A strikingly elegant family history, shot through with a poet's appreciation of Hawaiian geology.
Done out of his inheritance by a ruthless stepmother, the author's father moved the family from Hawaii to Los Angeles in the early 1950s. It was a jarring dislocation, made still more unreal when Hongo's parents chose to shroud their Hawaiian days, and many family members, in secrecy. As a mainlander teaching poetry to college students, Hongo (The River of Heaven) felt the pull of Hawaii and the need to do some digging in the family archives. He and his wife and child take up residence in Volcano, Hawaii, where the Hongo Store once served the locals.

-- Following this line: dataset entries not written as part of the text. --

(*
  By the formula of Hendy and Evans-Speed, q_g is the product over the edges d of the Fourier
  transform of f^(d) at the sum of g over the leaves below d. The formula holds because a
  labeling vanishing at the root is determined by its increments along the edges, which range
  freely over G^D, so that the sum over labelings factorises over the edges. The Fourier
  transform of f^(d) is the exponential of that of psi^(d), since the characters are
  eigenvectors of the circulant matrix Q^(d); hence it never vanishes, equals 1 at 0 and is even.

  For the four configurations z of the statement, the edge d contributes its factor at the sum
  of the values of z at those of i, j, i', j' that lie below d. Since the two paths lie on
  opposite sides of e, no edge separates both pairs {i,j} and {i',j'}. An edge separating exactly
  one pair contributes the same factor to the numerator and to the denominator, and an edge
  separating neither pair contributes 1, unless it is e, the only edge separating {i,j} from
  {i',j'}, which contributes the square of its factor at h to the numerator.
*)
theory Submission
  imports Defs "HOL-Library.FuncSet"
begin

Reacquainting himself with the island, the author takes long walks afield and is smitten by the volcanic landscape, a patch of living incandescence: "I was spellbound out there, suddenly in a world strangified...a kind of silvery ocean on whose waters I could walk.'' Relatives are met—some confrontationally—and Hongo pumps them for his family's history. Stories emerge, and he turns them lovingly in his storyteller's hand, catching their drift and finding their dignity (or lack thereof). Meeting the dastardly stepmother is a great moment, and so too is the tale of the marine, the shop clerk, and the grocer's revenge. The poet's own progress, riddled with fits and starts, gets special, and raw, consideration. Through it all, Hongo quests for "that governing story of a familial past,'' one that may explain his family's detachment and his own dispirit. He finds instead a "beauty in belonging to this earth and to its past, even one locked in mystery and prohibition, unstoried.''
Lyrical and aching in all the right measures, a finely crafted piece of work distilled to its essence.